→ DESCRIPTION OF THE TASK
Copy out again, unchanged, the listing below from the line that has "ltr (h, C s) (LIn a) (C (Inp" through the line that has "(UOut S) \<Longrightarrow>".

_____

text \<open>\<open>subst k t s\<close>: substitute \<open>t\<close> for the variable with index \<open>k\<close> in \<open>s\<close>
(removing that binder level).\<close>
primrec subst :: "nat \<Rightarrow> ctr \<Rightarrow> ctr \<Rightarrow> ctr" where
  "subst k t One = One"
| "subst k t (Inp S) = Inp (fimage (map_prod id (subst k t)) S)"
| "subst k t (ROut S) = ROut (fimage (map_prod id (subst k t)) S)"
| "subst k t (UOut S) = UOut (fimage (map_prod id (subst k t)) S)"
| "subst k t (Var n) = (if n = k then t else if k < n then Var (n - 1) else Var n)"
| "subst k t (Rec s) = Rec (subst (Suc k) (shift 0 t) s)"

definition choice_ok :: "(nat \<times> ctr) fset \<Rightarrow> bool" where
  "choice_ok S \<longleftrightarrow> S \<noteq> {||} \<and>
     (\<forall>a c d. (a, c) |\<in>| S \<longrightarrow> (a, d) |\<in>| S \<longrightarrow> c = d)"

inductive wf_at :: "nat \<Rightarrow> ctr \<Rightarrow> bool" where
  "wf_at k One"
| "choice_ok S \<Longrightarrow> (\<forall>(a, c) \<in> fset S. wf_at k c) \<Longrightarrow> wf_at k (Inp S)"
| "choice_ok S \<Longrightarrow> (\<forall>(a, c) \<in> fset S. wf_at k c) \<Longrightarrow> wf_at k (ROut S)"
| "choice_ok S \<Longrightarrow> (\<forall>(a, c) \<in> fset S. wf_at k c) \<Longrightarrow> wf_at k (UOut S)"
| "n < k \<Longrightarrow> wf_at k (Var n)"
| "wf_at (Suc k) s \<Longrightarrow> \<not> (\<exists>n. s = Var n) \<Longrightarrow> wf_at k (Rec s)"

definition rcontract :: "ctr \<Rightarrow> bool" where
  "rcontract s \<longleftrightarrow> wf_at 0 s"

section \<open>Identification: fold/unfold of recursion (as a congruence), and the
double reading of unary outputs\<close>

inductive conv1 :: "ctr \<Rightarrow> ctr \<Rightarrow> bool" where
  unfold: "conv1 (Rec s) (subst 0 (Rec s) s)"
| rec_cong: "conv1 s s' \<Longrightarrow> conv1 (Rec s) (Rec s')"
| inp_cong: "(a, c) |\<in>| S \<Longrightarrow> conv1 c c' \<Longrightarrow>
     conv1 (Inp S) (Inp (finsert (a, c') (S |-| {|(a, c)|})))"
| rout_cong: "(a, c) |\<in>| S \<Longrightarrow> conv1 c c' \<Longrightarrow>
     conv1 (ROut S) (ROut (finsert (a, c') (S |-| {|(a, c)|})))"
| uout_cong: "(a, c) |\<in>| S \<Longrightarrow> conv1 c c' \<Longrightarrow>
     conv1 (UOut S) (UOut (finsert (a, c') (S |-| {|(a, c)|})))"
| unary: "conv1 (ROut {|x|}) (UOut {|x|})"

text \<open>The identification is taken between well-formed expressions only (so that no
ill-formed intermediate term, e.g. one with a repeated name in a choice, can be used).\<close>
definition wfo :: "ctr \<Rightarrow> bool" where
  "wfo x \<longleftrightarrow> (\<exists>k. wf_at k x)"

definition eqv :: "ctr \<Rightarrow> ctr \<Rightarrow> bool" where
  "eqv = equivclp (\<lambda>x y. conv1 x y \<and> wfo x \<and> wfo y)"

text \<open>\<open>Circ\<close> is the special symbol \<open>\<circ>\<close>. A history is a stack, represented by a list
whose head is the top of the stack.\<close>
datatype cst = Circ | C ctr

type_synonym cfg = "cst list \<times> cst"

datatype lab = LIn nat | LOut nat | LTau | LRb

fun dual :: "lab \<Rightarrow> lab" where
  "dual (LIn a) = LOut a"
| "dual (LOut a) = LIn a"
| "dual l = l"

inductive ltr :: "cfg \<Rightarrow> lab \<Rightarrow> cfg \<Rightarrow> bool" where
  inp_sum: "eqv s (Inp S) \<Longrightarrow> (a, c) |\<in>| S \<Longrightarrow> 2 \<le> fcard S \<Longrightarrow>
     ltr (h, C s) (LIn a) (C (Inp (S |-| {|(a, c)|})) # h, C c)"
| rout_sum: "eqv s (ROut S) \<Longrightarrow> (a, c) |\<in>| S \<Longrightarrow> 2 \<le> fcard S \<Longrightarrow>
     ltr (h, C s) (LOut a) (C (ROut (S |-| {|(a, c)|})) # h, C c)"
| uout_tau: "eqv s (UOut S) \<Longrightarrow> (a, c) |\<in>| S \<Longrightarrow> 2 \<le> fcard S \<Longrightarrow>
     ltr (h, C s) LTau (h, C (UOut {|(a, c)|}))"
| inp_one: "eqv s (Inp {|(a, c)|}) \<Longrightarrow> ltr (h, C s) (LIn a) (Circ # h, C c)"
| out_one: "eqv s (ROut {|(a, c)|}) \<Longrightarrow> ltr (h, C s) (LOut a) (Circ # h, C c)"
| rb: "ltr (x # h, s) LRb (h, x)"

definition is_one :: "cst \<Rightarrow> bool" where
  "is_one x \<longleftrightarrow> (\<exists>r. x = C r \<and> eqv r One)"

inductive red_ct :: "cfg \<times> cfg \<Rightarrow> cfg \<times> cfg \<Rightarrow> bool" where
  comm: "ltr c l c' \<Longrightarrow> ltr s (dual l) s' \<Longrightarrow> l \<noteq> LTau \<Longrightarrow> l \<noteq> LRb \<Longrightarrow>
     red_ct (c, s) (c', s')"
| tau_l: "ltr c LTau c' \<Longrightarrow> red_ct (c, s) (c', s)"
| tau_r: "ltr s LTau s' \<Longrightarrow> red_ct (c, s) (c, s')"

inductive red :: "cfg \<times> cfg \<Rightarrow> cfg \<times> cfg \<Rightarrow> bool" where
  ct: "red_ct p q \<Longrightarrow> red p q"
| rbk: "ltr c LRb c' \<Longrightarrow> ltr s LRb s' \<Longrightarrow> \<not> is_one (snd c) \<Longrightarrow>
     \<not> (\<exists>q. red_ct (c, s) q) \<Longrightarrow> red (c, s) (c', s')"

definition compliant_cfg :: "cfg \<Rightarrow> cfg \<Rightarrow> bool" where
  "compliant_cfg c s \<longleftrightarrow>
     (\<forall>c' s'. red\<^sup>*\<^sup>* (c, s) (c', s') \<longrightarrow> \<not> (\<exists>q. red (c', s') q) \<longrightarrow> is_one (snd c'))"

definition compliant :: "ctr \<Rightarrow> ctr \<Rightarrow> bool" where
  "compliant r s \<longleftrightarrow> compliant_cfg ([], C r) ([], C s)"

_____

→ RESULT FOR THIS TASK
     ltr (h, C s) (LIn a) (C (Inp (S |-| {|(a, c)|})) # h, C c)"
| rout_sum: "eqv s (ROut S) \<Longrightarrow> (a, c) |\<in>| S \<Longrightarrow> 2 \<le> fcard S \<Longrightarrow>
     ltr (h, C s) (LOut a) (C (ROut (S |-| {|(a, c)|})) # h, C c)"
| uout_tau: "eqv s (UOut S) \<Longrightarrow> (a, c) |\<in>| S \<Longrightarrow> 2 \<le> fcard S \<Longrightarrow>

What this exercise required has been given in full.